"Never attribute to malice what can easily be ascribed to incompetence."
Post-Star projects' editor Will Doolittle recently published a pair of pieces regarding the Adirondack Park Agency (APA) and two cases in the town of Black Brook.
(Part one is
here and part two
here)
The choice of Black Brook was unusual, as it's in Clinton County, far outside the
Post-Star's circulation area. The choice of Doolittle, who has a long history of publishing harsh anti-APA columns, to do a purportedly objective investigation into the APA was also questionable.
The title of part one: 'Under attack by the protectors.'
When I raised this issue, Doolittle defended his ability to be objective despite his point of view. Doolittle is a good journalist, but I maintain that an important, purportedly objective story about the APA should not have been assigned to someone with a open, public contempt for the APA. If the Adirondack Council's John Sheehan had done a purportedly objective report for the same paper on the exact same cases, its appropriateness surely would've been called into question too.
Anyways, Doolittle's first piece uncritically echoed claims by one of the aggrieved parties that the APA and Nature Conservancy were colluding but did not offer a shred of evidence to that effect.
North County Public Radio's highly respected Brian Mann further investigated some of the claims reported in Doolittle's pieces and came to a different conclusions.
Mann's research conclude that
'No, the APA did not conspire illegally with the Nature Conservancy'.
Additionally, Doolittle reported on a four year enforcement case by the APA on a John Maye, a former forest ranger and Clinton County landowner. The case dragged on but was dropped abruptly after a meeting between APA and Black Brook officials in which the latter accused the former of colluding with environmentalists.
The unwritten implication is that the threat of 'exposure' caused the APA to drop its patently unfair case.
Another piece by NCPR's Mann suggested otherwise. During the meeting, town officials shared a key piece of information with the APA rep. The APA claims that it was because they received that key piece of information that they dropped the case.
They claimed that Maye had refused to allow APA officials onto his property and failed to respond to APA inquiries. Both of these are his legal right but it's a bit dubious for him to then claim that the APA was prolonging the case simply to harass him.
I suspect Doolittle was guided, perhaps even subconsciously, to fail to ask the questions and investigate further that Mann did.
Mann wrote,
Will Doolittle has expressed a firm opinion about this episode. He thinks the APA mistreated the Mayes and was then suspiciously eager to drop the case.
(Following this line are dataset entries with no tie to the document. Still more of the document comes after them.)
lemma ovps_largest_Suc_subset:
  "ovps_largest (Suc t) (m + Suc t) \<subseteq>
     add_part (Suc t) ` bounded_ovps (Suc t) m \<union> Cons (Suc t, True) ` bounded_ovps t m"
proof
  let ?u = "Suc t"
  fix xs assume xs: "xs \<in> ovps_largest ?u (m + ?u)"
  then obtain x r where xs_eq: "xs = x # r" and x: "fst x = ?u"
    by (auto simp: ovps_largest_def neq_Nil_conv)
  have ov: "overpartition (x # r)" and sum: "sum_list (map fst r) = m"
    using xs x by (auto simp: xs_eq ovps_largest_def)
  have bounded: "\<forall>p\<in>set r. fst p \<le> ?u"
    using overpartition_part_bounds(2)[OF ov] x by auto
  show "xs \<in> add_part ?u ` bounded_ovps ?u m \<union> Cons (?u, True) ` bounded_ovps t m"
  proof (cases "r \<noteq> [] \<and> fst (hd r) = ?u")
    case True
    then obtain r' where r_eq: "r = (?u, False) # r'"
      using ov x by (cases r) (auto simp: overpartition_Cons prod_eq_iff)
    have "x # r' \<in> bounded_ovps ?u m"
      using ov sum bounded x by (auto simp: r_eq bounded_ovps_def overpartition_Cons)
    moreover have "add_part ?u (x # r') = xs"
      by (simp add: add_part_def xs_eq r_eq x)
    ultimately show ?thesis
      by blast
  next
    case False
    then have small: "\<forall>p\<in>set r. fst p \<le> t"
      using overpartition_Cons_parts_less[OF ov] x by (simp add: less_Suc_eq_le)
    show ?thesis
    proof (cases "snd x")
      case True
      then have "xs = (?u, True) # r" and "r \<in> bounded_ovps t m"
        using ov sum x small by (auto simp: xs_eq prod_eq_iff bounded_ovps_def overpartition_Cons)
      then show ?thesis
        by blast
    next
      case False
      then have "add_part ?u r = xs" and "r \<in> bounded_ovps ?u m"
        using ov sum bounded x \<open>\<not> (r \<noteq> [] \<and> fst (hd r) = ?u)\<close>
        by (auto simp: xs_eq prod_eq_iff add_part_def bounded_ovps_def overpartition_Cons)
      then show ?thesis
        by blast
    qed
  qed
qed

lemma ovps_largest_Suc_eq:
  "ovps_largest (Suc t) (m + Suc t) =
     add_part (Suc t) ` bounded_ovps (Suc t) m \<union> Cons (Suc t, True) ` bounded_ovps t m"
  using ovps_largest_Suc_subset add_part_mem[of "Suc t"] Cons_overlined_mem[of _ t] by blast

lemma sum_ovps_largest_Suc:
  fixes z :: "'a::comm_semiring_1"
  shows "(\<Sum>xs\<in>ovps_largest (Suc t) n. z ^ num_overlined xs) =
    (if Suc t \<le> n then (\<Sum>xs\<in>bounded_ovps (Suc t) (n - Suc t). z ^ num_overlined xs) +
       z * (\<Sum>xs\<in>bounded_ovps t (n - Suc t). z ^ num_overlined xs) else 0)"
proof (cases "Suc t \<le> n")
  case True
  let ?w = "\<lambda>xs. z ^ num_overlined xs"
  define m where "m = n - Suc t"
  let ?A = "add_part (Suc t) ` bounded_ovps (Suc t) m" and ?C = "Cons (Suc t, True) ` bounded_ovps t m"
  have "?A \<inter> ?C = {}"
  proof (intro equals0I)
    fix xs assume "xs \<in> ?A \<inter> ?C"
    then obtain ys zs where "xs = add_part (Suc t) ys" and "xs = (Suc t, True) # zs"
      and "zs \<in> bounded_ovps t m"
      by blast
    then have "add_part (Suc t) ys = (Suc t, True) # zs" and "\<forall>p\<in>set zs. fst p \<le> t"
      by (simp_all add: bounded_ovps_def)
    then show False
      by (auto simp: add_part_def split: if_splits)
  qed
  then have "sum ?w (ovps_largest (Suc t) n) = sum ?w ?A + sum ?w ?C"
    using ovps_largest_Suc_eq[of t m] True
    by (simp add: m_def sum.union_disjoint finite_bounded_ovps)
  also have "sum ?w ?A = sum ?w (bounded_ovps (Suc t) m)"
    by (subst sum_overlined_image[where k = 0])
      (auto intro: inj_on_subset[OF inj_add_part] simp: num_overlined_add_part)
  also have "sum ?w ?C = z * sum ?w (bounded_ovps t m)"
    by (subst sum_overlined_image[where k = 1]) (auto simp: num_overlined_def)
  finally show ?thesis
    using True by (simp add: m_def)
qed (simp add: ovps_largest_empty)

lemma sum_bounded_ovps_Suc:
  fixes z :: "'a::comm_semiring_1"
  shows "(\<Sum>xs\<in>bounded_ovps (Suc t) n. z ^ num_overlined xs) =
    (\<Sum>xs\<in>bounded_ovps t n. z ^ num_overlined xs) +
    (if Suc t \<le> n then (\<Sum>xs\<in>bounded_ovps (Suc t) (n - Suc t). z ^ num_overlined xs) +
       z * (\<Sum>xs\<in>bounded_ovps t (n - Suc t). z ^ num_overlined xs) else 0)"
proof -
  have "bounded_ovps t n \<inter> ovps_largest (Suc t) n = {}"
  proof (intro equals0I)
    fix xs assume "xs \<in> bounded_ovps t n \<inter> ovps_largest (Suc t) n"
    then have "xs \<noteq> []" and "fst (hd xs) = Suc t" and "\<forall>p\<in>set xs. fst p \<le> t"
      by (simp_all add: bounded_ovps_def ovps_largest_def)
    then show False
      using hd_in_set by fastforce
  qed
  then show ?thesis
    by (simp add: bounded_ovps_Suc sum.union_disjoint finite_bounded_ovps finite_ovps_largest
        sum_ovps_largest_Suc)
qed

definition bounded_gf :: "'a::comm_ring_1 \<Rightarrow> nat \<Rightarrow> 'a fps" where
  "bounded_gf z t = Abs_fps (\<lambda>n. \<Sum>xs\<in>bounded_ovps t n. z ^ num_overlined xs)"

lemma bounded_gf_0: "bounded_gf z 0 = 1"
proof (rule fps_ext)
  fix n
  have "bounded_ovps 0 n = {}" if "0 < n"
  proof (intro equals0I)
    fix xs assume xs: "xs \<in> bounded_ovps 0 n"
    then have "\<forall>p\<in>set xs. fst p = 0"
      by (simp add: bounded_ovps_def)
    then have "sum_list (map fst xs) = 0"
      by simp
    with xs that show False
      by (simp add: bounded_ovps_def)
  qed
  then have "bounded_ovps 0 n = (if n = 0 then {[]} else {})"
    by (simp add: bounded_ovps_0)
  then show "fps_nth (bounded_gf z 0) n = fps_nth 1 n"
    by (simp add: bounded_gf_def num_overlined_def)
qed

lemma bounded_gf_Suc:
  "bounded_gf z (Suc t) * (1 - fps_X ^ Suc t) = bounded_gf z t * (1 + fps_const z * fps_X ^ Suc t)"
proof -
  have "bounded_gf z (Suc t) = bounded_gf z t + fps_X ^ Suc t * bounded_gf z (Suc t) +
      fps_const z * fps_X ^ Suc t * bounded_gf z t"
    by (rule fps_ext) (simp add: bounded_gf_def sum_bounded_ovps_Suc mult.assoc fps_X_power_mult_nth)
  then show ?thesis
    by (simp add: algebra_simps)
qed

lemma qpoch_Suc: "qpoch a (Suc n) = qpoch a n * (1 - a * fps_X ^ n)"
  by (simp add: qpoch_def)

lemma fps_nth_qpoch_0: "fps_nth a 0 = 0 \<Longrightarrow> fps_nth (qpoch a n) 0 = 1"
  by (induction n) (simp_all add: qpoch_def qpoch_Suc)

lemma bounded_gf_qpoch: "bounded_gf z t * qpoch fps_X t = qpoch (- fps_const z * fps_X) t"
proof (induction t)
  case 0
  show ?case
    by (simp add: bounded_gf_0 qpoch_def)
next
  case (Suc t)
  have "bounded_gf z (Suc t) * qpoch fps_X (Suc t) =
      bounded_gf z (Suc t) * (1 - fps_X ^ Suc t) * qpoch fps_X t"
    by (simp only: qpoch_Suc power_Suc mult_ac)
  also have "\<dots> = bounded_gf z t * qpoch fps_X t * (1 + fps_const z * fps_X ^ Suc t)"
    by (simp only: bounded_gf_Suc mult_ac)
  also have "\<dots> = qpoch (- fps_const z * fps_X) t * (1 + fps_const z * fps_X ^ Suc t)"
    by (simp only: Suc.IH)
  also have "1 + fps_const z * fps_X ^ Suc t = 1 - (- fps_const z * fps_X) * fps_X ^ t"
    by (simp add: algebra_simps del: fps_const_neg)
  also have "qpoch (- fps_const z * fps_X) t * \<dots> = qpoch (- fps_const z * fps_X) (Suc t)"
    by (simp only: qpoch_Suc)
  finally show ?case .
qed

section \<open>Overpartitions of bounded spread\<close>

definition spread_ovps :: "nat \<Rightarrow> nat \<Rightarrow> (nat \<times> bool) list set" where
  "spread_ovps t n = {xs. is_overpartition n xs \<and> smallest_part xs + t \<ge> largest_part xs \<and>
     (largest_part xs - smallest_part xs = t \<longrightarrow> \<not> largest_overlined xs)}"

lemma finite_spread_ovps: "finite (spread_ovps t n)"
  by (rule finite_subset[OF _ finite_overpartitions[of n]])
    (auto simp: spread_ovps_def is_overpartition_iff)

lemma spread_ovps_nonempty: "xs \<in> spread_ovps t n \<Longrightarrow> 0 < n \<Longrightarrow> xs \<noteq> []"
  by (auto simp: spread_ovps_def is_overpartition_iff)

lemma mem_spread_ovps:
  assumes "xs \<noteq> []"
  shows "xs \<in> spread_ovps t n \<longleftrightarrow> overpartition xs \<and> sum_list (map fst xs) = n \<and>
     fst (hd xs) \<le> fst (last xs) + t \<and> (fst (hd xs) - fst (last xs) = t \<longrightarrow> \<not> snd (hd xs))"
proof -
  obtain x r where xs: "xs = x # r"
    using assms by (cases xs) auto
  have "overpartition xs \<Longrightarrow> largest_overlined xs \<longleftrightarrow> snd x"
    using overpartition_overlined_Cons[of x r] by (auto simp: largest_overlined_def largest_part_def xs)
  then show ?thesis
    by (auto simp: spread_ovps_def is_overpartition_iff largest_part_def smallest_part_def xs)
qed

lemma sum_g_conv_spread_ovps:
  fixes z :: "'a::comm_semiring_1"
  shows "(\<Sum>m\<le>n. of_nat (g t m n) * z ^ m) = (\<Sum>xs\<in>spread_ovps t n. z ^ num_overlined xs)"
proof -
  have "num_overlined xs \<le> n" if "xs \<in> spread_ovps t n" for xs
    using that overpartition_length_le[of xs]
    by (auto simp: spread_ovps_def is_overpartition_iff num_overlined_def
        intro: le_trans[OF length_filter_le])
  then have "(\<Sum>xs\<in>spread_ovps t n. z ^ num_overlined xs) =
      (\<Sum>m\<le>n. \<Sum>xs\<in>{xs \<in> spread_ovps t n. num_overlined xs = m}. z ^ num_overlined xs)"
    by (intro sum.group[symmetric]) (auto simp: finite_spread_ovps)
  also have "\<dots> = (\<Sum>m\<le>n. of_nat (card {xs \<in> spread_ovps t n. num_overlined xs = m}) * z ^ m)"
    by (intro sum.cong) auto
  also have "\<dots> = (\<Sum>m\<le>n. of_nat (g t m n) * z ^ m)"
    by (simp add: g_def spread_ovps_def conj_commute conj_left_commute)
  finally show ?thesis ..
qed

lemma bounded_subset_spread_ovps:
  assumes "0 < n"
  shows "bounded_ovps t n \<subseteq> spread_ovps t n"
proof
  fix xs assume xs: "xs \<in> bounded_ovps t n"
  then have "xs \<noteq> []"
    using assms by (auto simp: bounded_ovps_def)
  moreover have "overpartition xs" and "sum_list (map fst xs) = n"
    using xs by (simp_all add: bounded_ovps_def)
  moreover have "0 < fst (last xs)" and "fst (last xs) \<le> fst (hd xs)" and "fst (hd xs) \<le> t"
    using xs \<open>xs \<noteq> []\<close> \<open>overpartition xs\<close> overpartition_part_bounds(1)[of xs "hd xs"]
    by (auto simp: bounded_ovps_def overpartition_iff)
  ultimately show "xs \<in> spread_ovps t n"
    by (simp add: mem_spread_ovps) arith
qed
For my part, I'm just not sure.
The APA had been asking for a chance to look at that foundation for four years and they finally got it. That's a significant fact.The accounts by Doolittle paint a portrait of a power hungry bureaucracy out of control, opposed only by heroic Clark Kent-like property rights defenders. Mann offers a more nuanced picture; his pieces reflect an agency whose real failings in the case seemed more about understaffing and general bureaucratic inertia.
And this perfectly illustrates the difference between pieces on the APA written by an openly anti-APA journalist and those written by one with no apparent agenda.
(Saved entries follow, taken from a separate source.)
(* Let $\langle X,d\rangle$ be a metric space with completion $\langle\widehat{X},\widehat{d}\rangle$. The following are equivalent: (1) $\widehat{X}$ is cofinally Bourbaki quasi-complete; (2) every Cauchy-continuous function $f$ from $X$ to any metric space $\langle Y,\rho\rangle$ maps every cofinally Bourbaki quasi-Cauchy sequence in $X$ to a sequence in $Y$ that has a Cauchy subsequence; (3) every Cauchy-continuous function from $X$ to any metric space $\langle Y,\rho\rangle$ maps every cofinally Bourbaki quasi-Cauchy sequence in $X$ to a cofinally Cauchy sequence in $Y$; (4) every Cauchy-continuous function from $X$ to any metric space $\langle Y,\rho\rangle$ maps every cofinally Bourbaki quasi-Cauchy sequence in $X$ to a cofinally Bourbaki-Cauchy sequence in $Y$; (5) every real-valued Cauchy-continuous function on $X$ maps every cofinally Bourbaki quasi-Cauchy sequence in $X$ to a cofinally Bourbaki-Cauchy sequence in $\mathbb{R}$; (6) every cofinally Bourbaki quasi-Cauchy sequence in $X$ has a Cauchy subsequence.
   Context: A function is Cauchy-continuous if it maps Cauchy sequences to Cauchy sequences. For $\varepsilon>0$, an $\varepsilon$-chain joining $x,y$ is a finite sequence $x=x_0,\dots,x_n=y$ with consecutive distances $<\varepsilon$. A sequence $\langle x_n\rangle$ in a metric space is cofinally Bourbaki quasi-Cauchy if for every $\varepsilon>0$ there is an infinite $N_\varepsilon\subseteq\mathbb{N}$ such that any $x_j,x_k$ with $j,k\in N_\varepsilon$ can be joined by an $\varepsilon$-chain (in that space); a metric space is cofinally Bourbaki quasi-complete if every such sequence has a cluster point. A sequence $\langle y_n\rangle$ in $\langle Y,\rho\rangle$ is cofinally Cauchy if for every $\varepsilon>0$ there is an infinite $N_\varepsilon\subseteq\mathbb{N}$ with $\rho(y_n,y_m)<\varepsilon$ for $n,m\in N_\varepsilon$. With $S^1_\rho(p,\varepsilon)$ the open $\varepsilon$-ball about $p$ and $S^{m}_\rho(p,\varepsilon)=\{y:\rho(y,S^{m-1}_\rho(p,\varepsilon))<\varepsilon\}$, $\langle y_n\rangle$ is cofinally Bourbaki-Cauchy if for every $\varepsilon>0$ there exist an infinite $N_\varepsilon\subseteq\mathbb{N}$, $m\in\mathbb{N}$, $p\in Y$ with $y_n\in S^m_\rho(p,\varepsilon)$ for all $n\in N_\varepsilon$. *)

theory Defs
  imports "HOL-Analysis.Analysis"
begin

definition eps_chain :: "'a metric \<Rightarrow> real \<Rightarrow> 'a \<Rightarrow> 'a \<Rightarrow> bool" where
  "eps_chain m e x y \<longleftrightarrow>
     (\<exists>(n::nat) (p::nat \<Rightarrow> 'a). p 0 = x \<and> p n = y \<and> (\<forall>i\<le>n. p i \<in> mspace m) \<and>
        (\<forall>i<n. mdist m (p i) (p (Suc i)) < e))"

definition cofinally_Bourbaki_quasi_Cauchy :: "'a metric \<Rightarrow> (nat \<Rightarrow> 'a) \<Rightarrow> bool" where
  "cofinally_Bourbaki_quasi_Cauchy m x \<longleftrightarrow> range x \<subseteq> mspace m \<and>
     (\<forall>e>0. \<exists>N::nat set. infinite N \<and> (\<forall>j\<in>N. \<forall>k\<in>N. eps_chain m e (x j) (x k)))"

definition cluster_point :: "'a metric \<Rightarrow> (nat \<Rightarrow> 'a) \<Rightarrow> 'a \<Rightarrow> bool" where
  "cluster_point m x p \<longleftrightarrow> p \<in> mspace m \<and>
     (\<forall>e>0. \<forall>n. \<exists>k\<ge>n. mdist m (x k) p < e)"

definition cofinally_Bourbaki_quasi_complete :: "'a metric \<Rightarrow> bool" where
  "cofinally_Bourbaki_quasi_complete m \<longleftrightarrow>
     (\<forall>x. cofinally_Bourbaki_quasi_Cauchy m x \<longrightarrow> (\<exists>p. cluster_point m x p))"

definition cofinally_Cauchy :: "'a metric \<Rightarrow> (nat \<Rightarrow> 'a) \<Rightarrow> bool" where
  "cofinally_Cauchy m y \<longleftrightarrow> range y \<subseteq> mspace m \<and>
     (\<forall>e>0. \<exists>N::nat set. infinite N \<and> (\<forall>n\<in>N. \<forall>k\<in>N. mdist m (y n) (y k) < e))"

text \<open>Iterated balls: S 0 = {p}, S 1 = open e-ball about p,
  S (m+1) = points at distance < e from S m (distance to a set is < e iff
  some point of the set is at distance < e).\<close>
primrec iter_ball :: "'a metric \<Rightarrow> 'a \<Rightarrow> real \<Rightarrow> nat \<Rightarrow> 'a set" where
  "iter_ball m p e 0 = {p} \<inter> mspace m"
| "iter_ball m p e (Suc k) = {y \<in> mspace m. \<exists>z \<in> iter_ball m p e k. mdist m y z < e}"

definition cofinally_Bourbaki_Cauchy :: "'a metric \<Rightarrow> (nat \<Rightarrow> 'a) \<Rightarrow> bool" where
  "cofinally_Bourbaki_Cauchy m y \<longleftrightarrow> range y \<subseteq> mspace m \<and>
     (\<forall>e>0. \<exists>(N::nat set) (k::nat) p. infinite N \<and> k \<ge> 1 \<and> p \<in> mspace m \<and>
        (\<forall>n\<in>N. y n \<in> iter_ball m p e k))"

definition has_Cauchy_subsequence :: "'a metric \<Rightarrow> (nat \<Rightarrow> 'a) \<Rightarrow> bool" where
  "has_Cauchy_subsequence m y \<longleftrightarrow>
     (\<exists>r. strict_mono r \<and> Metric_space.MCauchy (mspace m) (mdist m) (y \<circ> r))"

definition is_completion :: "'a metric \<Rightarrow> 'c metric \<Rightarrow> ('a \<Rightarrow> 'c) \<Rightarrow> bool" where
  "is_completion X Xh emb \<longleftrightarrow> mcomplete_of Xh \<and> emb ` mspace X \<subseteq> mspace Xh \<and>
     (\<forall>x\<in>mspace X. \<forall>y\<in>mspace X. mdist Xh (emb x) (emb y) = mdist X x y) \<and>
     mtopology_of Xh closure_of (emb ` mspace X) = mspace Xh"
There are very real issues with the APA.
The fines it can impose should have a cap or at the very least, should have some kind of explicit structure. The Agency's defense of exorbitant fines ($2.9 million in one of these cases) is that it never actually collects the huge amounts; this is unpersuasive. Perhaps, fines above a certain amount can only be imposed by a court (see below).
There should be some legal obligation of responsiveness by the Agency to inquiries from property owners and municipalities. Perhaps there should be an independent ombudsman to address complaints where such responsiveness was not forthcoming or other unfair treatment alleged.
The APA board should comprise entirely full-time residents of the Park. Localities and counties should have some input into the Agency's staffing and board composition.
Most importantly, there should be some sort of judicial review available of the Agency's decisions, within the context of
state constitution's Article XIV ("Forever Wild"). The APA is described by some as the zoning board for the Adirondack Park. But most zoning boards have zoning boards of appeal and this one should too. One of the reasons for the very real resentment of some Park residents is that the APA is viewed as judge, jury and executioner. Judicial review would help alleviate this.
I believe in Forever Wild. And I believe that the APA should play an important role in maintaining this. The Agency has its faults and should be reformed. And Doolittle's pieces really did expose a few disturbing facts that should be a addressed. I believe that in trying to protect the little guy from abuse by a government agency, we shouldn't go too far and expose the little guy to abuse from big developers who can do much more long-lasting damage.
But
The Post-Star's inexplicable decision to assign this legitimate story to its most adamant anti-APA reporter to do this investigation was a journalistically indefensible, one clearly illustrated by the omissions that Mann revealed.
I urge you to read Doolittle's and Mann's pieces and judge for yourself.